According to the 2018 report from the Organisation internationale de la Francophonie, 50% of the population speaks French. French is the main language of schooling, from primary to university, alongside Arabic.

==Languages==
Djibouti is a multilingual country. According to Ethnologue, the majority of the population speaks Somali (524,000 speakers) or Afar (306,000 speakers) as a first language, which are the mother tongues of the Somali and Afar ethnic groups, respectively. Both languages belong to the Cushitic branch of the larger Afro-Asiatic family. Northern Somali is the main dialect spoken in the country and neighbouring Somalia.

There are two official languages in Djibouti: Arabic and French. Arabic is of religious importance. In a formal setting, it consists of Modern Standard Arabic. Colloquially, about 59,000 local residents speak the Ta'izzi-Adeni Arabic dialect, known in Djibouti as Djiboutian Arabic. French was inherited from the European colonization period and is the primary language of instruction. About 17,000 Djiboutians speak it as a first language.

Immigrant languages include Omani Arabic (38,900 speakers), Amharic (1,400 speakers), Greek (1,000 speakers) and Hindi (600 speakers).

Additionally, the Somali deaf community in Djibouti uses the Somali Sign Language.

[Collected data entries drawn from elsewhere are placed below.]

text \<open>Abstract view of a formula: phi is the set of its models (of type 'm), and
cost M is the bit-vector value of the variable cost in model M.
Satisfiability of phi /\ tau|_k /\ A[k].\<close>
definition sat_prefix_attr ::
  "signedness \<Rightarrow> direction \<Rightarrow> nat \<Rightarrow> ('m \<Rightarrow> bool) \<Rightarrow> ('m \<Rightarrow> bool list) \<Rightarrow> bool list \<Rightarrow> nat \<Rightarrow> bool" where
  "sat_prefix_attr s d n phi cost tau k =
     (\<exists>M'. phi M' \<and> take k (cost M') = take k tau \<and> cost M' ! k = attractor s d n ! k)"

definition lex_max_assignment ::
  "signedness \<Rightarrow> direction \<Rightarrow> nat \<Rightarrow> ('m \<Rightarrow> bool) \<Rightarrow> ('m \<Rightarrow> bool list) \<Rightarrow> bool list \<Rightarrow> bool" where
  "lex_max_assignment s d n phi cost tau =
     (length tau = n \<and>
      (\<forall>k<n. (\<not> sat_prefix_attr s d n phi cost tau k \<longrightarrow> tau ! k = (\<not> attractor s d n ! k))
           \<and> (sat_prefix_attr s d n phi cost tau k \<longrightarrow> tau ! k = attractor s d n ! k)))"

definition lex_max_model ::
  "signedness \<Rightarrow> direction \<Rightarrow> nat \<Rightarrow> ('m \<Rightarrow> bool) \<Rightarrow> ('m \<Rightarrow> bool list) \<Rightarrow> 'm \<Rightarrow> bool" where
  "lex_max_model s d n phi cost M = lex_max_assignment s d n phi cost (cost M)"

definition optimal ::
  "signedness \<Rightarrow> direction \<Rightarrow> ('m \<Rightarrow> bool) \<Rightarrow> ('m \<Rightarrow> bool list) \<Rightarrow> 'm \<Rightarrow> bool" where
  "optimal s d phi cost M = (phi M \<and> (\<forall>M'. phi M' \<longrightarrow> better_eq s d (cost M) (cost M')))"

end

theory Submission
  imports Defs
begin

text \<open>Write \<oplus> for bitwise exclusive or. On width-n vectors the objective measured from the
attractor, val v - val attr for minimisation and val attr - val v for maximisation, is exactly
the unsigned value of v \<oplus> attr. A model lexicographically maximising the attractor
equalities lexicographically minimises cost \<oplus> attr, and for unsigned values the lexicographic
order of bits is the numeric order.\<close>

fun uval :: "bool list \<Rightarrow> int" where
  "uval [] = 0"
| "uval (b # bs) = bit_val b * 2 ^ length bs + uval bs"

lemma uval_nonneg: "0 \<le> uval bs"
  by (induction bs) (auto simp: bit_val_def)

lemma uval_less_power: "uval bs < 2 ^ length bs"
proof (induction bs)
  case (Cons b bs)
  have "uval (b # bs) \<le> 2 ^ length bs + uval bs" by (simp add: bit_val_def)
  moreover have "(2::int) ^ length (b # bs) = 2 * 2 ^ length bs" by simp
  ultimately show ?case using Cons by linarith
qed simp

lemma uval_eq_sum: "uval bs = (\<Sum>k<length bs. 2 ^ (length bs - 1 - k) * bit_val (bs ! k))"
proof (induction bs)
  case (Cons b bs)
  then show ?case
    unfolding sum.lessThan_Suc_shift length_Cons by (simp add: algebra_simps)
qed simp

lemma bv_val_Unsigned: "bv_val Unsigned bs = uval bs"
  by (simp add: bv_val_def uval_eq_sum Let_def)

lemma bv_val_Signed_Cons: "bv_val Signed (b # bs) = - (2 ^ length bs) * bit_val b + uval bs"
proof -
  have "(\<Sum>k\<in>{1..<Suc (length bs)}. 2 ^ (length bs - k) * bit_val ((b # bs) ! k))
      = (\<Sum>k\<in>{0..<length bs}. 2 ^ (length bs - Suc k) * bit_val ((b # bs) ! Suc k))"
    using sum.shift_bounds_Suc_ivl[of "\<lambda>k. 2 ^ (length bs - k) * bit_val ((b # bs) ! k)" 0 "length bs"]
    by simp
  also have "\<dots> = uval bs" by (simp add: uval_eq_sum atLeast0LessThan)
  finally show ?thesis by (simp add: bv_val_def Let_def)
qed

lemma uval_replicate_False [simp]: "uval (replicate n False) = 0"
  by (induction n) (simp_all add: bit_val_def)

lemma uval_map_Not: "uval (map Not bs) = 2 ^ length bs - 1 - uval bs"
  by (induction bs) (auto simp: bit_val_def)

lemma uval_less_if_first_difference:
  assumes "length v = length w" "k < length v" "take k v = take k w" "\<not> v ! k" "w ! k"
  shows "uval v < uval w"
  using assms
proof (induction v arbitrary: w k)
  case Nil
  then show ?case by simp
next
  case (Cons x r)
  then obtain y r' where w: "w = y # r'" by (cases w) auto
  show ?case
  proof (cases k)
    case 0
    then show ?thesis using Cons.prems w uval_less_power[of r] uval_nonneg[of r']
      by (auto simp: bit_val_def)
  next
    case (Suc j)
    then have "uval r < uval r'" using Cons.prems w by (intro Cons.IH) auto
    then show ?thesis using Cons.prems w Suc by auto
  qed
qed

lemma first_difference:
  assumes "length v = length w" "v \<noteq> w"
  obtains k where "k < length v" "take k v = take k w" "v ! k \<noteq> w ! k"
  using assms
proof (induction v arbitrary: w thesis)
  case Nil
  then show ?case by simp
next
  case (Cons x r)
  from Cons.prems(2) obtain y r' where w: "w = y # r'" by (cases w) auto
  show ?case
  proof (cases "x = y")
    case True
    then have "length r = length r'" "r \<noteq> r'" using Cons.prems w by auto
    then obtain k where "k < length r" "take k r = take k r'" "r ! k \<noteq> r' ! k"
      using Cons.IH by blast
    then show ?thesis using Cons.prems(1)[of "Suc k"] w True by auto
  next
    case False
    then show ?thesis using Cons.prems(1)[of 0] w by auto
  qed
qed

lemma uval_inject:
  assumes "length v = length w" "uval v = uval w"
  shows "v = w"
proof (rule ccontr)
  assume "v \<noteq> w"
  then obtain k where "k < length v" "take k v = take k w" "v ! k \<noteq> w ! k"
    using first_difference[OF assms(1)] by blast
  then have "uval v < uval w \<or> uval w < uval v"
    using assms(1) uval_less_if_first_difference[of v w k] uval_less_if_first_difference[of w v k]
    by (cases "v ! k") auto
  with assms(2) show False by simp
qed

definition bv_xor :: "bool list \<Rightarrow> bool list \<Rightarrow> bool list" where
  "bv_xor v w = map2 (\<noteq>) v w"

lemma bv_xor_Nil [simp]: "bv_xor [] w = []"
  by (simp add: bv_xor_def)

lemma bv_xor_Cons [simp]: "bv_xor (a # v) (b # w) = (a \<noteq> b) # bv_xor v w"
  by (simp add: bv_xor_def)

lemma length_bv_xor [simp]: "length (bv_xor v w) = min (length v) (length w)"
  by (simp add: bv_xor_def)

lemma nth_bv_xor: "k < length v \<Longrightarrow> k < length w \<Longrightarrow> bv_xor v w ! k = (v ! k \<noteq> w ! k)"
  by (simp add: bv_xor_def)

lemma take_bv_xor: "take k (bv_xor v w) = bv_xor (take k v) (take k w)"
  by (simp add: bv_xor_def take_map take_zip)

lemma bv_xor_eq_replicate_False_iff:
  "length v = length w \<Longrightarrow> bv_xor v w = replicate (length v) False \<longleftrightarrow> v = w"
  by (induction v w rule: list_induct2) auto

lemma bv_xor_replicate_False: "length v = n \<Longrightarrow> bv_xor v (replicate n False) = v"
  by (induction v arbitrary: n) auto

lemma bv_xor_replicate_True: "length v = n \<Longrightarrow> bv_xor v (replicate n True) = map Not v"
  by (induction v arbitrary: n) auto

fun explicit_attractor :: "signedness \<Rightarrow> direction \<Rightarrow> nat \<Rightarrow> bool list" where
  "explicit_attractor Unsigned Minimize n = replicate n False"
| "explicit_attractor Unsigned Maximize n = replicate n True"
| "explicit_attractor Signed Minimize n = True # replicate (n - 1) False"
| "explicit_attractor Signed Maximize n = False # replicate (n - 1) True"

lemma length_explicit_attractor: "n \<ge> 1 \<Longrightarrow> length (explicit_attractor s d n) = n"
  by (cases s; cases d) auto

definition attr_distance :: "signedness \<Rightarrow> direction \<Rightarrow> bool list \<Rightarrow> int" where
  "attr_distance s d v = uval (bv_xor v (explicit_attractor s d (length v)))"

lemma bv_val_eq_attr_distance:
  assumes "length v = n" "n \<ge> 1"
  shows "bv_val s v = (case d of
      Minimize \<Rightarrow> bv_val s (explicit_attractor s d n) + attr_distance s d v
    | Maximize \<Rightarrow> bv_val s (explicit_attractor s d n) - attr_distance s d v)"
proof (cases s)
  case Unsigned
  then show ?thesis using assms uval_map_Not[of "replicate n False"]
    by (cases d) (simp_all add: attr_distance_def bv_val_Unsigned bv_xor_replicate_False
        bv_xor_replicate_True uval_map_Not)
next
  case Signed
  obtain b bs where v: "v = b # bs" using assms by (cases v) auto
  have "length bs = n - 1" using assms v by simp
  then show ?thesis using Signed v uval_map_Not[of bs] uval_map_Not[of "replicate (n - 1) False"]
    by (cases d) (auto simp: attr_distance_def bv_val_Signed_Cons bv_xor_replicate_False
        bv_xor_replicate_True bit_val_def)
qed

lemma better_eq_iff_attr_distance_le:
  assumes "length v = n" "length w = n" "n \<ge> 1"
  shows "better_eq s d v w \<longleftrightarrow> attr_distance s d v \<le> attr_distance s d w"
  using bv_val_eq_attr_distance[OF assms(1,3), of s d] bv_val_eq_attr_distance[OF assms(2,3), of s d]
  by (cases d) (auto simp: better_eq_def)

lemma attr_distance_nonneg: "0 \<le> attr_distance s d v"
  by (simp add: attr_distance_def uval_nonneg)

lemma attr_distance_eq_0_iff:
  assumes "length v = n" "n \<ge> 1"
  shows "attr_distance s d v = 0 \<longleftrightarrow> v = explicit_attractor s d n"
proof -
  let ?e = "explicit_attractor s d n"
  have "attr_distance s d v = 0 \<longleftrightarrow> bv_xor v ?e = replicate n False"
    using uval_inject[of "bv_xor v ?e" "replicate n False"] assms length_explicit_attractor
    by (auto simp: attr_distance_def)
  also have "\<dots> \<longleftrightarrow> v = ?e"
    using bv_xor_eq_replicate_False_iff[of v ?e] assms length_explicit_attractor by simp
  finally show ?thesis .
qed

lemma attr_distance_less_if_first_difference:
  assumes "length v = n" "length w = n" "n \<ge> 1" "k < n" "take k v = take k w"
    "v ! k = explicit_attractor s d n ! k" "w ! k \<noteq> explicit_attractor s d n ! k"
  shows "attr_distance s d v < attr_distance s d w"
proof -
  let ?e = "explicit_attractor s d n"
  have "length ?e = n" using assms(3) by (rule length_explicit_attractor)
  then have "uval (bv_xor v ?e) < uval (bv_xor w ?e)"
    using assms by (intro uval_less_if_first_difference[where k = k]) (simp_all add: nth_bv_xor take_bv_xor)
  with assms(1,2) show ?thesis by (simp add: attr_distance_def)
qed

lemma attractor_eq_explicit_attractor:
  assumes "n \<ge> 1"
  shows "attractor s d n = explicit_attractor s d n"
proof -
  let ?e = "explicit_attractor s d n"
  let ?optimal = "\<lambda>a. length a = n \<and> (\<forall>w. length w = n \<longrightarrow> better_eq s d a w)"
  have e: "attr_distance s d ?e = 0"
    using attr_distance_eq_0_iff[OF length_explicit_attractor[OF assms] assms] by simp
  then have "?optimal ?e"
    using assms attr_distance_nonneg by (simp add: length_explicit_attractor better_eq_iff_attr_distance_le)
  then have opt: "?optimal (attractor s d n)"
    unfolding attractor_def by (rule someI)
  then have "better_eq s d (attractor s d n) ?e"
    using length_explicit_attractor[OF assms] by blast
  then have "attr_distance s d (attractor s d n) \<le> attr_distance s d ?e"
    using opt assms by (simp add: better_eq_iff_attr_distance_le length_explicit_attractor)
  with e have "attr_distance s d (attractor s d n) = 0"
    using attr_distance_nonneg[of s d "attractor s d n"] by linarith
  then show ?thesis
    using opt attr_distance_eq_0_iff[of "attractor s d n" n s d] assms by simp
qed

lemma lex_max_model_agrees_with_attractor_at_first_difference:
  assumes "lex_max_model s d n phi cost M" "phi M'" "k < n"
    and "take k (cost M) = take k (cost M')" "cost M ! k \<noteq> cost M' ! k"
  shows "cost M ! k = attractor s d n ! k"
proof (rule ccontr)
  assume disagree: "cost M ! k \<noteq> attractor s d n ! k"
  with assms(5) have "cost M' ! k = attractor s d n ! k" by auto
  with assms(2,4) have "sat_prefix_attr s d n phi cost (cost M) k"
    unfolding sat_prefix_attr_def by metis
  with assms(1,3) disagree show False
    unfolding lex_max_model_def lex_max_assignment_def by blast
qed

theorem theorem1:
  fixes phi :: "'m \<Rightarrow> bool" and cost :: "'m \<Rightarrow> bool list" and n :: nat
    and s :: signedness and d :: direction and M :: 'm
  assumes "n \<ge> 1"
    and "\<forall>M'. length (cost M') = n"
    and "phi M"
    and "lex_max_model s d n phi cost M"
  shows "optimal s d phi cost M"
  unfolding optimal_def
proof (intro conjI allI impI)
  show "phi M" by fact
  fix M' assume "phi M'"
  have len: "length (cost M) = n" "length (cost M') = n" using assms(2) by auto
  have "attr_distance s d (cost M) \<le> attr_distance s d (cost M')"
  proof (cases "cost M = cost M'")
    case False
    then obtain k where k: "k < n" "take k (cost M) = take k (cost M')"
      "cost M ! k \<noteq> cost M' ! k"
      using first_difference[of "cost M" "cost M'"] len by auto
    then have agree: "cost M ! k = explicit_attractor s d n ! k"
      using lex_max_model_agrees_with_attractor_at_first_difference[OF assms(4) \<open>phi M'\<close> k]
        attractor_eq_explicit_attractor[OF assms(1)] by simp
    with k(3) have "cost M' ! k \<noteq> explicit_attractor s d n ! k" by simp
    with attr_distance_less_if_first_difference[OF len assms(1) k(1,2) agree]
    show ?thesis by simp
  qed simp
  with len assms(1) show "better_eq s d (cost M) (cost M')"
    by (simp add: better_eq_iff_attr_distance_le)
qed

The Somali language is regulated by the Regional Somali Language Academy, an intergovernmental institution established in June 2013 in Djibouti City by the governments of Djibouti, Somalia and Ethiopia. It is officially mandated with preserving the Somali language.

==Writing system==
Nationally, the Latin script is the most widely used orthography for all languages. The Somali alphabet, a modified form of the script, is used to write Somali. In the early 1970s, two Afar intellectuals and nationalists, Dimis and Redo, formalized a similar Afar alphabet. Known as Qafar Feera, the orthography is also based on the Latin script.

Additionally, Somali and Afar are transcribed using the Arabic script.